__Exercise objective__. Every line in the listing that holds "True" counts once; state the total and nothing more.

__Source material__.
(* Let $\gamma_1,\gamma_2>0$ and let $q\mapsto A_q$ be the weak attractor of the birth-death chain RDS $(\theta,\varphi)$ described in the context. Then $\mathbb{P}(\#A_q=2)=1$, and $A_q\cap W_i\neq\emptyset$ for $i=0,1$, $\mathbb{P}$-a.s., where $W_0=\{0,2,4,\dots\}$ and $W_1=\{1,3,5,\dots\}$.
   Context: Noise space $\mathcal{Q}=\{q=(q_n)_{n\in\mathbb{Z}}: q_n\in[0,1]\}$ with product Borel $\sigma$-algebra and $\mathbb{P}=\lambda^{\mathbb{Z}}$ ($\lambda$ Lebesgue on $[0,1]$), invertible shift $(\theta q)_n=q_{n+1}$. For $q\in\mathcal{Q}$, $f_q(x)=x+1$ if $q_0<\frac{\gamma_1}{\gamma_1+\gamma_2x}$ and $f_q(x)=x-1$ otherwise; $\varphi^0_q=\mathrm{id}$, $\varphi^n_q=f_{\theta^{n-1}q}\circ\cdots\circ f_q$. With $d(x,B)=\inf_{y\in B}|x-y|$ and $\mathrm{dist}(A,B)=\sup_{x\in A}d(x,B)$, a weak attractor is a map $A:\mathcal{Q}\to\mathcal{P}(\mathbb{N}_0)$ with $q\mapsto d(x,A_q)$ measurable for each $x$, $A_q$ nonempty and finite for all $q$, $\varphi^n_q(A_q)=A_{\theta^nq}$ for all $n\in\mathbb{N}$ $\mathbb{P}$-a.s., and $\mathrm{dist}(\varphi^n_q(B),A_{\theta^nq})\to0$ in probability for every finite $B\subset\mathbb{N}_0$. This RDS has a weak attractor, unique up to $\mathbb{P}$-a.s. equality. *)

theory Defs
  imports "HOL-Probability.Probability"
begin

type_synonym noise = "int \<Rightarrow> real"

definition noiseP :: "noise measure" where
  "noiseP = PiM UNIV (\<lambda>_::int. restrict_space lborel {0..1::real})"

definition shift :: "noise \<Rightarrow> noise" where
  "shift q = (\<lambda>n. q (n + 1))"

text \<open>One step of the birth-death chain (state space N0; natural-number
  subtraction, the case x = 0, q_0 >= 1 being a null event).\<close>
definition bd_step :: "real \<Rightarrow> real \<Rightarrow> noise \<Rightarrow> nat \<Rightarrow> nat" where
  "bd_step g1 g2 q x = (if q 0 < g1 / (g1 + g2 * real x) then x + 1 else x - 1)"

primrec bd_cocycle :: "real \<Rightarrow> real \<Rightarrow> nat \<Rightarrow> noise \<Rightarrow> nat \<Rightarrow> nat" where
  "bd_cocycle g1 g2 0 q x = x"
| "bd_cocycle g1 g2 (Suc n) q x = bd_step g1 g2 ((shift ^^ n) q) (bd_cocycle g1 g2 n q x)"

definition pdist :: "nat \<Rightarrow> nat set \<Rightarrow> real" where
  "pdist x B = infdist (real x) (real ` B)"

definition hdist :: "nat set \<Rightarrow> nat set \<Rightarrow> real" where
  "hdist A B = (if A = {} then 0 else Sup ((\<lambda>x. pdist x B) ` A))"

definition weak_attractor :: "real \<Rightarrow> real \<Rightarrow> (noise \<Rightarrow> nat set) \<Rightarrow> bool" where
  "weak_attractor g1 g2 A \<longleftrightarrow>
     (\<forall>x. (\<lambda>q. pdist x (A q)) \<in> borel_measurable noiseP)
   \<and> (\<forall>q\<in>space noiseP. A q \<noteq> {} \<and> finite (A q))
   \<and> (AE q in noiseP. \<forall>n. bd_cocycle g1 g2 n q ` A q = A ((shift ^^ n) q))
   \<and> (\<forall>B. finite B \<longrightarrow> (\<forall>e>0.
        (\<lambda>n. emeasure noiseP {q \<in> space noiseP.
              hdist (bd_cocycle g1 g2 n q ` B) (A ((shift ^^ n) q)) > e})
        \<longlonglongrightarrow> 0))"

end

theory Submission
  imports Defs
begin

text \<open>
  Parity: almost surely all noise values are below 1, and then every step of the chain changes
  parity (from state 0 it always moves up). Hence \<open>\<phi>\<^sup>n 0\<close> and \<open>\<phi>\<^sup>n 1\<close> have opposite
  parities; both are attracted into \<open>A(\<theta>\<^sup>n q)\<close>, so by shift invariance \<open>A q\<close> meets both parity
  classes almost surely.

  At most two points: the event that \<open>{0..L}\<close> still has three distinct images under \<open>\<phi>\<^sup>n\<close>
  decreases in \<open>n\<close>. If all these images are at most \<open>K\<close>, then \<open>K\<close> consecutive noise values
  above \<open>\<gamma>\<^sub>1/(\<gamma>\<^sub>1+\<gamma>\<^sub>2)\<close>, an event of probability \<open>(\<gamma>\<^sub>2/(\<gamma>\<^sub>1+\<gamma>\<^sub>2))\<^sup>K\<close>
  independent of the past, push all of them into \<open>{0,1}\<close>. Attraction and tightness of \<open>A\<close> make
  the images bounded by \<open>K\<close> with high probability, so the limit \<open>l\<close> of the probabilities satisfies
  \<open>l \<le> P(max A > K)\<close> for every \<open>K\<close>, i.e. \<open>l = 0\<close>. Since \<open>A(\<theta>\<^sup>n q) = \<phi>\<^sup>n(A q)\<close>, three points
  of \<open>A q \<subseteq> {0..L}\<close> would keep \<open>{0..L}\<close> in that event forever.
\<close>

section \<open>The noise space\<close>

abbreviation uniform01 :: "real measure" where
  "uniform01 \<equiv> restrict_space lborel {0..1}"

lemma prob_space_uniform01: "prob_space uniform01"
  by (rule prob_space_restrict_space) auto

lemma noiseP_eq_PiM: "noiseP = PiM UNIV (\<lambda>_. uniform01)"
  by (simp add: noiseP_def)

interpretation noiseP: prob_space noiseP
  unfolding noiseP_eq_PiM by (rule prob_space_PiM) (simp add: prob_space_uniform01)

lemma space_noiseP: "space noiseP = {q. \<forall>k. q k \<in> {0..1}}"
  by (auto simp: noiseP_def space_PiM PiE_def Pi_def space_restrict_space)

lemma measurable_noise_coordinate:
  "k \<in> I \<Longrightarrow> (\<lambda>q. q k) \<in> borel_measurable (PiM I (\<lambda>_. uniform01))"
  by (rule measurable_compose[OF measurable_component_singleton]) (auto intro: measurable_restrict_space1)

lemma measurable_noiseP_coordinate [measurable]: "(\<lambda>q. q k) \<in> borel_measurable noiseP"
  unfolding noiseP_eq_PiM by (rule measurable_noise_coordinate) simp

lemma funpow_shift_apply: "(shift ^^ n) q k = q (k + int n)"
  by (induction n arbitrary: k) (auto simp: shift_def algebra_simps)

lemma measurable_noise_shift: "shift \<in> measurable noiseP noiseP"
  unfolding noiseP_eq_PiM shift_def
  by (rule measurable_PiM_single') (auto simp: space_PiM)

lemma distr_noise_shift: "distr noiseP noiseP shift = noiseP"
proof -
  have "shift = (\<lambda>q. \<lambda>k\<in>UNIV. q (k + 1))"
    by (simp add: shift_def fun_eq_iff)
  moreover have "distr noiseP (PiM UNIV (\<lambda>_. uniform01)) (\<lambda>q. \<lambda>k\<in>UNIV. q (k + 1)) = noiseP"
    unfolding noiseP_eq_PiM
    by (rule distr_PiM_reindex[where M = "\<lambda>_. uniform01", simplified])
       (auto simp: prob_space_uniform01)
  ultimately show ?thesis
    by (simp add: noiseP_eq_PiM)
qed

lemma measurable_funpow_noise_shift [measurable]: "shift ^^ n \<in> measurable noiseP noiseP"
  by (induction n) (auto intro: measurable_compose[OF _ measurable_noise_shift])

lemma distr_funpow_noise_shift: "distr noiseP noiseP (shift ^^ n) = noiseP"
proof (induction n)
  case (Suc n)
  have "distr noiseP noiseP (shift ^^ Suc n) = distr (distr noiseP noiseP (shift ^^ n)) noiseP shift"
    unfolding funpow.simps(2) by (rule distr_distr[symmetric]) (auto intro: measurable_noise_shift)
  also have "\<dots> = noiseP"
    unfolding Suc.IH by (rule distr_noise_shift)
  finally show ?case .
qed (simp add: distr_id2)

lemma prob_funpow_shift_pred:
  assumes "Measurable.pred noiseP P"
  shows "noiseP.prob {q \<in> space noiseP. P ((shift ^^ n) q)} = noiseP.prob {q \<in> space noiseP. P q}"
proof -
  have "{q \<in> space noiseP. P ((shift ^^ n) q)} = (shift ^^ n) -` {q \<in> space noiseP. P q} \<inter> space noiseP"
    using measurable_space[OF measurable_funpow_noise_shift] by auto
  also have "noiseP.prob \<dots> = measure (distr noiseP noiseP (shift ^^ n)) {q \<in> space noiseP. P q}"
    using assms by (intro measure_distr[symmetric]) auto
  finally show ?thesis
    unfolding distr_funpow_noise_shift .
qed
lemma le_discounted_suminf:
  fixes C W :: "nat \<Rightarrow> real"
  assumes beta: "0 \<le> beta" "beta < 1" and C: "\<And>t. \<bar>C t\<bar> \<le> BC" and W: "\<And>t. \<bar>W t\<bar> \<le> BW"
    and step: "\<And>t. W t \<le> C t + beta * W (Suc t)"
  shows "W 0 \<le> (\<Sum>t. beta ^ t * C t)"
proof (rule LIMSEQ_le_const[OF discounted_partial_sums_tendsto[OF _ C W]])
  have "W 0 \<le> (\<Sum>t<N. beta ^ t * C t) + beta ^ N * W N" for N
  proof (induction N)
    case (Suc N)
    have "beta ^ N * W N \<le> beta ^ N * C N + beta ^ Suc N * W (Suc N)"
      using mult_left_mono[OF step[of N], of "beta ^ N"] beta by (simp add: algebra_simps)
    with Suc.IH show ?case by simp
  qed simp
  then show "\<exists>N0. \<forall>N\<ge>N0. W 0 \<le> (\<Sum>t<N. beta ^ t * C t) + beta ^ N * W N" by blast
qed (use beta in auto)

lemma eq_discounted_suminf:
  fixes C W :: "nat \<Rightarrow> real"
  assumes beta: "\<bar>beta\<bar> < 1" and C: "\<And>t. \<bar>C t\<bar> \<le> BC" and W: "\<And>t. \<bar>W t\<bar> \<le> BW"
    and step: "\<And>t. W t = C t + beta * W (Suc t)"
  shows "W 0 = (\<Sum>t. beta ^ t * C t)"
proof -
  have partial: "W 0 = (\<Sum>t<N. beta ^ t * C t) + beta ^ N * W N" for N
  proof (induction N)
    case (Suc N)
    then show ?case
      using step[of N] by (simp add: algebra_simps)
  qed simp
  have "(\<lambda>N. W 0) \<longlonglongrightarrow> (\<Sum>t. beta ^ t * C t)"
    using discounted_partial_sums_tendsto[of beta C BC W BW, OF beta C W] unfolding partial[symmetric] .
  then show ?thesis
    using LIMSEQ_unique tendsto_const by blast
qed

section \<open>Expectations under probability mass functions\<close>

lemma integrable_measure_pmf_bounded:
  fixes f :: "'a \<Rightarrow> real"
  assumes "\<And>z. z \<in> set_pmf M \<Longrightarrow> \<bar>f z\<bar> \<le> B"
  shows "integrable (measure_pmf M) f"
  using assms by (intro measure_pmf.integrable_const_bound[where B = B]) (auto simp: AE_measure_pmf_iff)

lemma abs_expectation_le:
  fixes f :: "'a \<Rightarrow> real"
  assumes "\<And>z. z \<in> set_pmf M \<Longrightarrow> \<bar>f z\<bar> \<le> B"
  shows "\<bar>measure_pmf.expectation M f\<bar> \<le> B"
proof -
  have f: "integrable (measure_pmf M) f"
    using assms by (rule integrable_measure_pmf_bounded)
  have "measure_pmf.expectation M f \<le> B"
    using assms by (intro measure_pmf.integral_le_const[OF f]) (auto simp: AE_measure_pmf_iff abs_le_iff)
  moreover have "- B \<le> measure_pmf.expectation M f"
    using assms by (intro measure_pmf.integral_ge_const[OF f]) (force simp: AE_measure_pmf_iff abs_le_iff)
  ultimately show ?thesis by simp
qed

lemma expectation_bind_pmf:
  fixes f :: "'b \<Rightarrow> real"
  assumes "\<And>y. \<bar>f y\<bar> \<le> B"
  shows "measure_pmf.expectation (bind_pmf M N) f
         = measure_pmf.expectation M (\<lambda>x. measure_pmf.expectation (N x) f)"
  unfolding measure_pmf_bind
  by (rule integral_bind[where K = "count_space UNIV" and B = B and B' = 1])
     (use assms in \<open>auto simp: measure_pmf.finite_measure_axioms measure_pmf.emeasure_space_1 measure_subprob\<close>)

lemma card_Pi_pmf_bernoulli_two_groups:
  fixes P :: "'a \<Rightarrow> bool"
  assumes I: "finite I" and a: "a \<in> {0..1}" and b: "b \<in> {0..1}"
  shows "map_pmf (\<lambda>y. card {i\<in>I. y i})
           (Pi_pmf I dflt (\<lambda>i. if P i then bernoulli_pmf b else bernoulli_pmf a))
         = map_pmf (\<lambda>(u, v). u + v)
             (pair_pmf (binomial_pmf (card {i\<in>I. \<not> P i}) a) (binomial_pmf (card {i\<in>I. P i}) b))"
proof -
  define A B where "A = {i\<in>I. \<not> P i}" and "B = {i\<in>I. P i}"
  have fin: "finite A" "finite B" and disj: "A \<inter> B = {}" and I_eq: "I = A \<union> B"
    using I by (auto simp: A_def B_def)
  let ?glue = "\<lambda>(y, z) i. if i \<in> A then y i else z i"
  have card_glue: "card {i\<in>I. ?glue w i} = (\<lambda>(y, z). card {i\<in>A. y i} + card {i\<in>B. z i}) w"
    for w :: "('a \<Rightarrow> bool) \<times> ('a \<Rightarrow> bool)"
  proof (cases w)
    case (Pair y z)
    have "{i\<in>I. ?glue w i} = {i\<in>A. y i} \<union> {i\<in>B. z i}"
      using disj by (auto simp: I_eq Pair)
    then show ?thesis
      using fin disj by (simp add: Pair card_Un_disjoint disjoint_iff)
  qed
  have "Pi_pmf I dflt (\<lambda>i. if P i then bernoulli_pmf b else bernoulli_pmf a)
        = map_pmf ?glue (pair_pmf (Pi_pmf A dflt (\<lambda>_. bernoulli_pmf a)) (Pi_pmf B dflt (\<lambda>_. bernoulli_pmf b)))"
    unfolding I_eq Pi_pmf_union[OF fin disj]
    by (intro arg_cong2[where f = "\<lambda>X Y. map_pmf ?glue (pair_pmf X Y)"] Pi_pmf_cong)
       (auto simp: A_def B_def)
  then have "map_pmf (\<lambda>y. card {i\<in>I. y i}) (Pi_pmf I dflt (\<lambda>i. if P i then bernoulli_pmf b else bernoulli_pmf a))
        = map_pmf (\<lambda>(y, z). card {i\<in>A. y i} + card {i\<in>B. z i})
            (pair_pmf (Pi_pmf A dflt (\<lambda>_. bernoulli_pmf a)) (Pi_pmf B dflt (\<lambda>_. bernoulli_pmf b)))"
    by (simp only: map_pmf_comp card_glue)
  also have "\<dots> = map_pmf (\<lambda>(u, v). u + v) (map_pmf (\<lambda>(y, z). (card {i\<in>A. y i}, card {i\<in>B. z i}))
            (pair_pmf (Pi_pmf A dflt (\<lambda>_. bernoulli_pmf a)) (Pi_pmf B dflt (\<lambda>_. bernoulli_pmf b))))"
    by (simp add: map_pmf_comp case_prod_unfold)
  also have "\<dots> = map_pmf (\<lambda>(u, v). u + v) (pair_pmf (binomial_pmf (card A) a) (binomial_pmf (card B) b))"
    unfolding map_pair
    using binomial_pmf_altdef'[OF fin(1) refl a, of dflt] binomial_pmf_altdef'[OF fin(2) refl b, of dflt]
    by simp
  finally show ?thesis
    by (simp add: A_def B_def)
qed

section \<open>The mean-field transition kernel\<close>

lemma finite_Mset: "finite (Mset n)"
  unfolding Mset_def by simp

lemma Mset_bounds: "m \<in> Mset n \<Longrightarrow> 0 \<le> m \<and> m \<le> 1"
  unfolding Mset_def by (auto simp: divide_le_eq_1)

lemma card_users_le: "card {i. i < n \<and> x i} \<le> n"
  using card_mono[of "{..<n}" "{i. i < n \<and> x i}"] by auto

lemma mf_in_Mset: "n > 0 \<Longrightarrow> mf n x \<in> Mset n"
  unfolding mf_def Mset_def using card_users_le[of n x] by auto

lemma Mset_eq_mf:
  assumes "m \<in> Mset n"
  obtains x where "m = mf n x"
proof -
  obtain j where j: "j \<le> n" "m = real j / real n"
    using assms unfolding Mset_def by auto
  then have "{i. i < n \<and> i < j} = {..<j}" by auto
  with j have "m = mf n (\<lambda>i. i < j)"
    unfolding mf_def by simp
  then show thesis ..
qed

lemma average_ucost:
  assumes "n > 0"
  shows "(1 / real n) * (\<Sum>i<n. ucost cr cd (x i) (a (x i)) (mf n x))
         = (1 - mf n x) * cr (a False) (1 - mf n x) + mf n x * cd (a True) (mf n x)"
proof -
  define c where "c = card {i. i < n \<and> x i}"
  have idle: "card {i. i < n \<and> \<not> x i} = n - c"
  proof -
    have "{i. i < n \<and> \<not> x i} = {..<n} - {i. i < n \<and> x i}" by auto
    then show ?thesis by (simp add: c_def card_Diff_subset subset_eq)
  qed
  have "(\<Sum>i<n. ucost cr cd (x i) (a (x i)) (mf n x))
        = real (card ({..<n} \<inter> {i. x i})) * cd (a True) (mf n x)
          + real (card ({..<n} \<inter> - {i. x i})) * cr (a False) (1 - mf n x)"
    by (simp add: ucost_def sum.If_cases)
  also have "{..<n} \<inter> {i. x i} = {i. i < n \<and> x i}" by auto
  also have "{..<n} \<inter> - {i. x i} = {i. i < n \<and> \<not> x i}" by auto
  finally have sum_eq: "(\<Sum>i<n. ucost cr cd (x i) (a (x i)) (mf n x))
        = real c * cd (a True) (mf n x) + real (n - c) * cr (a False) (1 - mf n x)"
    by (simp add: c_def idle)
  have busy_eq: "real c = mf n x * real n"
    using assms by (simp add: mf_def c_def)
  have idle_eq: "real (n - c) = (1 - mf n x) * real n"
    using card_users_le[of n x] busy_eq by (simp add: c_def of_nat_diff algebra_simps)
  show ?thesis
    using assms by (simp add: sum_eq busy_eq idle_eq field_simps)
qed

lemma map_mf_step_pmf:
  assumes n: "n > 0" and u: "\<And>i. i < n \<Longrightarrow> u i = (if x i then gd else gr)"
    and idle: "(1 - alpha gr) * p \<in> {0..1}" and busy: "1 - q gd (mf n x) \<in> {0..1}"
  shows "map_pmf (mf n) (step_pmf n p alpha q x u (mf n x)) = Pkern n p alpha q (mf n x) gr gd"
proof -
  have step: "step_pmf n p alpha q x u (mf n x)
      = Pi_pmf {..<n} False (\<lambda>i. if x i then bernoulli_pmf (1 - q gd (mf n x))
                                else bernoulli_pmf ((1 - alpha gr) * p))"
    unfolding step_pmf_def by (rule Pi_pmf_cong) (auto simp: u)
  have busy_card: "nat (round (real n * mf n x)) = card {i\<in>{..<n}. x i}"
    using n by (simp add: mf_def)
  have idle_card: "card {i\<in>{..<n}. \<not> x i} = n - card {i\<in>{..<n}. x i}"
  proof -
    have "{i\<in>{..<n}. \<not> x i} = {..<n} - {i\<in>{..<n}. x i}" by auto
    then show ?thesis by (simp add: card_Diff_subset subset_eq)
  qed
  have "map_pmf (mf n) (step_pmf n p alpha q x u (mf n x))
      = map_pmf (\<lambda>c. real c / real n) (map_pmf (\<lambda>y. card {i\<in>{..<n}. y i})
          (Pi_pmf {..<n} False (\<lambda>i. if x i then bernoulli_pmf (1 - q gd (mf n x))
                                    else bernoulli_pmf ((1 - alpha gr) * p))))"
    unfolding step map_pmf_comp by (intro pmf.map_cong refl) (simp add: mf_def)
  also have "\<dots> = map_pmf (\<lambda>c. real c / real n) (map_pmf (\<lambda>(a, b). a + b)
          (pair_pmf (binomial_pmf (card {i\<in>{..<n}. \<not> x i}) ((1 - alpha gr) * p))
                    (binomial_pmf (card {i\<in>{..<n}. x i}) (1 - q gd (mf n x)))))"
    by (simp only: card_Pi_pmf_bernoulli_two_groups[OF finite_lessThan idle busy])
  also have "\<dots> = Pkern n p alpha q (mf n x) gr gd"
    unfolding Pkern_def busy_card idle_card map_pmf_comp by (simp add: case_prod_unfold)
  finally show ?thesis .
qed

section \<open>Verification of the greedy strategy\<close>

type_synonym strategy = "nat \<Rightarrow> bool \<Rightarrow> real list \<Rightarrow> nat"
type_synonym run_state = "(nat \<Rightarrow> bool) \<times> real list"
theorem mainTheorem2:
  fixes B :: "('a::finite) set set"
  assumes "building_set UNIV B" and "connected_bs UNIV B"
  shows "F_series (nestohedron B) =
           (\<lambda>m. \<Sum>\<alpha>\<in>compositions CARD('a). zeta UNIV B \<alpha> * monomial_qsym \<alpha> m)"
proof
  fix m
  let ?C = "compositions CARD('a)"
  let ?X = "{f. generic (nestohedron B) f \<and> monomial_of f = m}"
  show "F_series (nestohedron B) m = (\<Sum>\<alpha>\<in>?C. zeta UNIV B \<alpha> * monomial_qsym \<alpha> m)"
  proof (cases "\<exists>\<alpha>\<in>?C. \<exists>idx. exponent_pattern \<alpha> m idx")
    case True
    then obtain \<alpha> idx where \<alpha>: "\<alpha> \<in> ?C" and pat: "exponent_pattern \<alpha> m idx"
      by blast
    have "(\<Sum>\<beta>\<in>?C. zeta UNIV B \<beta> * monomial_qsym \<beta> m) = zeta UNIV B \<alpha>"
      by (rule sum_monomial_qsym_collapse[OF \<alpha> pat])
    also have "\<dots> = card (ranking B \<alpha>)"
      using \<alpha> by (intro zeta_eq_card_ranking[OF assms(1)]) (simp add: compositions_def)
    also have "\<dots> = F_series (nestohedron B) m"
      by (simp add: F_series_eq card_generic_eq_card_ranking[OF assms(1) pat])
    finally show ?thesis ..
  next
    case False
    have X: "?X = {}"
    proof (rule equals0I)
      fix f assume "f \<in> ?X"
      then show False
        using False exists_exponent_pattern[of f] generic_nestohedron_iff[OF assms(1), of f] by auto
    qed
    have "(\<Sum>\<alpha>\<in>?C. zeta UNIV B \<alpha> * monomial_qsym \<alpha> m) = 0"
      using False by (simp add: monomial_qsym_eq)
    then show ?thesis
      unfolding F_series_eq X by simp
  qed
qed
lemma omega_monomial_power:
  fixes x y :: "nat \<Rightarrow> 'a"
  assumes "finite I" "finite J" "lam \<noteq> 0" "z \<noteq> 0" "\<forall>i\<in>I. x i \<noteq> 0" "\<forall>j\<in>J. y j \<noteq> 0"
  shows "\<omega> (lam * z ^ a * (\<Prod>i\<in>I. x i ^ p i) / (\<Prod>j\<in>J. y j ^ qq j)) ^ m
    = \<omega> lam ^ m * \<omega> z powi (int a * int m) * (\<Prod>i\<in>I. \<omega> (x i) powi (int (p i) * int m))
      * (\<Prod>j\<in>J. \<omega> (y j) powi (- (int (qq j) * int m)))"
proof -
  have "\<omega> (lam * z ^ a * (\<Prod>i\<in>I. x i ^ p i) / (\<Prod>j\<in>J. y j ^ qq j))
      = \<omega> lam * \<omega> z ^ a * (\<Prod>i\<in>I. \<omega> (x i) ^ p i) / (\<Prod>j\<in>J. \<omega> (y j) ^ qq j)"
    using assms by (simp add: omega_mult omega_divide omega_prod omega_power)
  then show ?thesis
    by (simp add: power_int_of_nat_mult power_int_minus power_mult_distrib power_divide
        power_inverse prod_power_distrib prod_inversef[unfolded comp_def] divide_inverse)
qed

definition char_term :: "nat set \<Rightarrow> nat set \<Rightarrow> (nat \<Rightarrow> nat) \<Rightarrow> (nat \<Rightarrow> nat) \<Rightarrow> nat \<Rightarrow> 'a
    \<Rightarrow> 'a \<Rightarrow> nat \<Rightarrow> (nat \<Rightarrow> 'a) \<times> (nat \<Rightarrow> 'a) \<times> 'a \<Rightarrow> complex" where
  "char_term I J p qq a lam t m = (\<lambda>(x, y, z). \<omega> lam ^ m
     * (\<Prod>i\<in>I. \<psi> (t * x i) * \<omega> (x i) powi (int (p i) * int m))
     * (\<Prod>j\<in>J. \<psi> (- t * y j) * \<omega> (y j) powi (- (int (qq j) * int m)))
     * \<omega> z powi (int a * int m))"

__Solved exercise__. 4